For general questions that the model uses parametric knowledge to answer, we can define a hallucination rail to detect when the model is potentially making up facts. The default implementation of the hallucination rails is based on SelfCheckGPT.
- Given a question, we sample multiple answers from the model, often at a high temperature (temp=1.0).
- We then check if the answers are consistent with each other. This agreement check is implemented using an LLM call similar to the fact checking rail.
- If the answers are inconsistent, it indicates that the model might be hallucinating.
This rail will use the LLM for self-checking with a custom prompt if the answers are inconsistent. The custom prompt can be similar to an NLI task. For more details, consult the [Guardrails library](Guardrails library) guide.
To run the hallucination rail, use the following CLI command:
nemoguardrails evaluate hallucination --config=path/to/guardrails/config
Here is a list of arguments that you can use to configure the hallucination rail:
config
: The path to the guardrails configuration (this includes the LLM, the prompts and any other information).dataset-path
: Path to the dataset. It should be a text file with one question per line.num-samples
: Number of samples to run the eval on. Default is 50.output-dir
: The directory to save the output to. Default is eval_outputs/hallucination.write-outputs
: Whether to write the outputs to a file or not. Default is True.
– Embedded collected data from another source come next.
lemma integral_iexp_by_parts:
  fixes F F' F'' :: "real \<Rightarrow> real"
  assumes "c \<le> d"
    and F: "\<And>u. u \<in> {c..d} \<Longrightarrow> (F has_real_derivative F' u) (at u)"
    and F': "\<And>u. u \<in> {c..d} \<Longrightarrow> (F' has_real_derivative F'' u) (at u)"
    and "continuous_on {c..d} F''" and F'_nz: "\<And>u. u \<in> {c..d} \<Longrightarrow> F' u \<noteq> 0"
  shows "integral {c..d} (\<lambda>u. iexp (F u)) =
           iexp (F d) * (- \<i> * complex_of_real (1 / F' d))
           - iexp (F c) * (- \<i> * complex_of_real (1 / F' c))
           - integral {c..d} (\<lambda>u. iexp (F u) * (\<i> * (F'' u / F' u ^ 2)))"
proof -
  define g where "g u = - \<i> * complex_of_real (1 / F' u)" for u
  have cont_F: "continuous_on {c..d} F" and cont_F': "continuous_on {c..d} F'"
    using F F' by (meson DERIV_isCont continuous_at_imp_continuous_on)+
  define I where "I = integral {c..d} (\<lambda>u. iexp (F u) * (\<i> * (F'' u / F' u ^ 2)))"
  have "((\<lambda>u. (F' u *\<^sub>R (\<i> * iexp (F u))) * g u) has_integral
      iexp (F d) * g d - iexp (F c) * g c - I) {c..d}"
  proof (rule integration_by_parts[OF bounded_bilinear_mult \<open>c \<le> d\<close>])
    show "continuous_on {c..d} (\<lambda>u. iexp (F u))" by (intro continuous_intros cont_F)
    show "continuous_on {c..d} g"
      unfolding g_def using F'_nz by (intro continuous_intros cont_F') auto
    fix u assume u: "u \<in> {c..d}"
    show "((\<lambda>u. iexp (F u)) has_vector_derivative F' u *\<^sub>R (\<i> * iexp (F u))) (at u)"
      by (rule has_vector_derivative_iexp_comp[OF F[OF u]])
    have "((\<lambda>u. 1 / F' u) has_real_derivative - (F'' u / F' u ^ 2)) (at u)"
      using F'[OF u] F'_nz[OF u] by (auto intro!: derivative_eq_intros simp: power2_eq_square)
    from has_vector_derivative_mult_right[OF has_vector_derivative_of_real[OF this], where a="- \<i>"]
    show "(g has_vector_derivative \<i> * (F'' u / F' u ^ 2)) (at u)"
      unfolding g_def by simp
  next
    have "(\<lambda>u. iexp (F u) * (\<i> * (F'' u / F' u ^ 2))) integrable_on {c..d}"
      using F'_nz by (intro integrable_continuous_interval continuous_intros cont_F cont_F'
          \<open>continuous_on {c..d} F''\<close>) auto
    then show "((\<lambda>u. iexp (F u) * (\<i> * (F'' u / F' u ^ 2))) has_integral
        iexp (F d) * g d - iexp (F c) * g c - (iexp (F d) * g d - iexp (F c) * g c - I)) {c..d}"
      by (simp add: I_def has_integral_integral)
  qed
  moreover have "(F' u *\<^sub>R (\<i> * iexp (F u))) * g u = iexp (F u)" if "u \<in> {c..d}" for u
    using F'_nz[OF that] by (simp add: g_def scaleR_conv_of_real field_simps)
  ultimately show ?thesis
    unfolding I_def g_def by (metis (no_types, lifting) has_integral_eq integral_unique)
qed

lemma norm_integral_iexp_le_boundary_terms:
  fixes F F' F'' :: "real \<Rightarrow> real"
  assumes "c \<le> d"
    and F: "\<And>u. u \<in> {c..d} \<Longrightarrow> (F has_real_derivative F' u) (at u)"
    and F': "\<And>u. u \<in> {c..d} \<Longrightarrow> (F' has_real_derivative F'' u) (at u)"
    and "continuous_on {c..d} F''" and F'_nz: "\<And>u. u \<in> {c..d} \<Longrightarrow> F' u \<noteq> 0"
    and F''_nonneg: "\<And>u. u \<in> {c..d} \<Longrightarrow> 0 \<le> F'' u"
  shows "norm (integral {c..d} (\<lambda>u. iexp (F u)))
           \<le> 1 / \<bar>F' d\<bar> + 1 / \<bar>F' c\<bar> + (1 / F' c - 1 / F' d)"
proof -
  define h where "h u = F'' u / F' u ^ 2" for u
  have h_integral: "(h has_integral (- (1 / F' d)) - (- (1 / F' c))) {c..d}"
  proof (rule fundamental_theorem_of_calculus[OF \<open>c \<le> d\<close>, where f="\<lambda>u. - (1 / F' u)"])
    fix u assume u: "u \<in> {c..d}"
    have "((\<lambda>u. - (1 / F' u)) has_real_derivative h u) (at u)"
      using F'[OF u] F'_nz[OF u] by (auto intro!: derivative_eq_intros simp: h_def power2_eq_square)
    then show "((\<lambda>u. - (1 / F' u)) has_vector_derivative h u) (at u within {c..d})"
      by (simp add: has_real_derivative_iff_has_vector_derivative has_vector_derivative_at_within)
  qed
  have "norm (integral {c..d} (\<lambda>u. iexp (F u) * (\<i> * h u))) \<le> integral {c..d} h"
  proof (rule integral_norm_bound_integral)
    have "continuous_on {c..d} F" "continuous_on {c..d} F'"
      using F F' by (meson DERIV_isCont continuous_at_imp_continuous_on)+
    then show "(\<lambda>u. iexp (F u) * (\<i> * h u)) integrable_on {c..d}"
      unfolding h_def using F'_nz
      by (intro integrable_continuous_interval continuous_intros \<open>continuous_on {c..d} F''\<close>) auto
  qed (use h_integral F''_nonneg in \<open>auto simp: norm_mult norm_divide norm_power h_def\<close>)
  then have remainder: "norm (integral {c..d} (\<lambda>u. iexp (F u) * (\<i> * h u))) \<le> 1 / F' c - 1 / F' d"
    using h_integral by (simp add: integral_unique)
  have boundary: "norm (iexp (F u) * (- \<i> * complex_of_real (1 / F' u))) = 1 / \<bar>F' u\<bar>" for u
    by (simp add: norm_mult norm_divide)
  have "norm (integral {c..d} (\<lambda>u. iexp (F u))) \<le>
      norm (iexp (F d) * (- \<i> * complex_of_real (1 / F' d)))
      + norm (iexp (F c) * (- \<i> * complex_of_real (1 / F' c)))
      + norm (integral {c..d} (\<lambda>u. iexp (F u) * (\<i> * h u)))"
    unfolding h_def
    by (subst integral_iexp_by_parts[OF \<open>c \<le> d\<close> F F' \<open>continuous_on {c..d} F''\<close> F'_nz]) norm
  then show ?thesis
    using remainder boundary[of c] boundary[of d] by linarith
qed

lemma norm_integral_iexp_first_derivative_test:
  fixes F F' F'' :: "real \<Rightarrow> real"
  assumes "c \<le> d" and "\<delta> > 0"
    and F: "\<And>u. u \<in> {c..d} \<Longrightarrow> (F has_real_derivative F' u) (at u)"
    and F': "\<And>u. u \<in> {c..d} \<Longrightarrow> (F' has_real_derivative F'' u) (at u)"
    and "continuous_on {c..d} F''" and "\<And>u. u \<in> {c..d} \<Longrightarrow> 0 \<le> F'' u"
    and F'_large: "(\<forall>u\<in>{c..d}. \<delta> \<le> F' u) \<or> (\<forall>u\<in>{c..d}. F' u \<le> -\<delta>)"
  shows "norm (integral {c..d} (\<lambda>u. iexp (F u))) \<le> 2 / \<delta>"
proof -
  have "F' u \<noteq> 0" if "u \<in> {c..d}" for u
    using F'_large that \<open>\<delta> > 0\<close> by force
  with assms have "norm (integral {c..d} (\<lambda>u. iexp (F u)))
      \<le> 1 / \<bar>F' d\<bar> + 1 / \<bar>F' c\<bar> + (1 / F' c - 1 / F' d)"
    by (intro norm_integral_iexp_le_boundary_terms)
  also have "\<dots> \<le> 2 / \<delta>"
  proof -
    have "(\<delta> \<le> F' c \<and> \<delta> \<le> F' d) \<or> (F' c \<le> -\<delta> \<and> F' d \<le> -\<delta>)"
      using F'_large \<open>c \<le> d\<close> by auto
    then show ?thesis
    proof
      assume "\<delta> \<le> F' c \<and> \<delta> \<le> F' d"
      then show ?thesis using \<open>\<delta> > 0\<close> by (simp add: frac_le)
    next
      assume "F' c \<le> -\<delta> \<and> F' d \<le> -\<delta>"
      then show ?thesis using \<open>\<delta> > 0\<close> frac_le[of 2 2 \<delta> "- F' d"] by simp
    qed
  qed
  finally show ?thesis .
qed

lemma norm_integral_le_length:
  fixes f :: "real \<Rightarrow> 'a::banach"
  assumes "a \<le> b" "f integrable_on {a..b}" "\<And>u. u \<in> {a..b} \<Longrightarrow> norm (f u) \<le> 1"
  shows "norm (integral {a..b} f) \<le> b - a"
  using integral_norm_bound_integral[OF assms(2) integrable_const_ivl[of 1 a b] assms(3)] assms(1)
  by simp

lemma norm_integral_split3_le:
  fixes f :: "real \<Rightarrow> 'a::banach"
  assumes "f integrable_on {a..d}" "a \<le> b" "b \<le> c" "c \<le> d"
  shows "norm (integral {a..d} f)
           \<le> norm (integral {a..b} f) + norm (integral {b..c} f) + norm (integral {c..d} f)"
proof -
  have "integral {a..b} f + integral {b..d} f = integral {a..d} f"
    using assms by (intro Henstock_Kurzweil_Integration.integral_combine) auto
  moreover have "integral {b..c} f + integral {c..d} f = integral {b..d} f"
    using assms
    by (intro Henstock_Kurzweil_Integration.integral_combine integrable_on_subinterval) auto
  ultimately have "integral {a..d} f = integral {a..b} f + (integral {b..c} f + integral {c..d} f)"
    by simp
  moreover have "norm (x + (y + z)) \<le> norm x + norm y + norm z" for x y z :: 'a
    by norm
  ultimately show ?thesis by simp
qed

lemma diff_ge_of_deriv_ge:
  fixes f f' :: "real \<Rightarrow> real"
  assumes "\<And>u. u \<in> {c..d} \<Longrightarrow> (f has_real_derivative f' u) (at u)"
    and "\<And>u. u \<in> {c..d} \<Longrightarrow> lam \<le> f' u" and "c \<le> x" "x \<le> y" "y \<le> d"
  shows "lam * (y - x) \<le> f y - f x"
proof (cases "x = y")
  case False
  then obtain z where "x < z" "z < y" "f y - f x = (y - x) * f' z"
    using MVT2[of x y f f'] assms by force
  then show ?thesis using assms(2)[of z] assms(3-5) by (simp add: mult.commute mult_right_mono)
qed simp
To evaluate the hallucination rail on your own dataset, you can follow the create a text file with the list of questions and run the evaluation using the following command
nemoguardrails evaluate hallucination --dataset-path <path-to-your-text-file>
To evaluate the hallucination rail, we manually curate a set of questions which mainly consists of questions with a false premise, i.e., questions that cannot have a correct answer.
For example, the question "What is the capital of the moon?" has a false premise since the moon does not have a capital. Since the question is stated in a way that implies that the moon has a capital, the model might be tempted to make up a fact and answer the question.
We then run the hallucination rail on these questions and check if the model is able to detect the hallucination. We run the evaluation using OpenAI text-davinci-003
and gpt-3.5-turbo
models.
Evaluation Date - June 12, 2023 (Mar 13 2024 for gemini-1.0-pro
).
We breakdown the performance into the following metrics:
- % of questions that are intercepted by the model, i.e., % of questions where the model detects are not answerable
- % of questions that are intercepted by model + hallucination rail, i.e., % of questions where the either the model detects are not answerable or the hallucination rail detects that the model is making up facts
Model | % intercepted - model | % intercepted - model + hallucination rail | % model errored out |
---|---|---|---|
text-davinci-003 | 0 | 70 | 0 |
gpt-3.5-turbo | 65 | 90 | 0 |
gemini-1.0-pro | 60 | 80 | 6.7* |
We find that gpt-3.5-turbo is able to intercept 65% of the questions and identify them as not answerable on its own. Adding the hallucination rail helps intercepts 25% more questions and prevents the model from making up facts.
* Vertex AI models sometimes error out on hallucination and moderation tests due to this issue.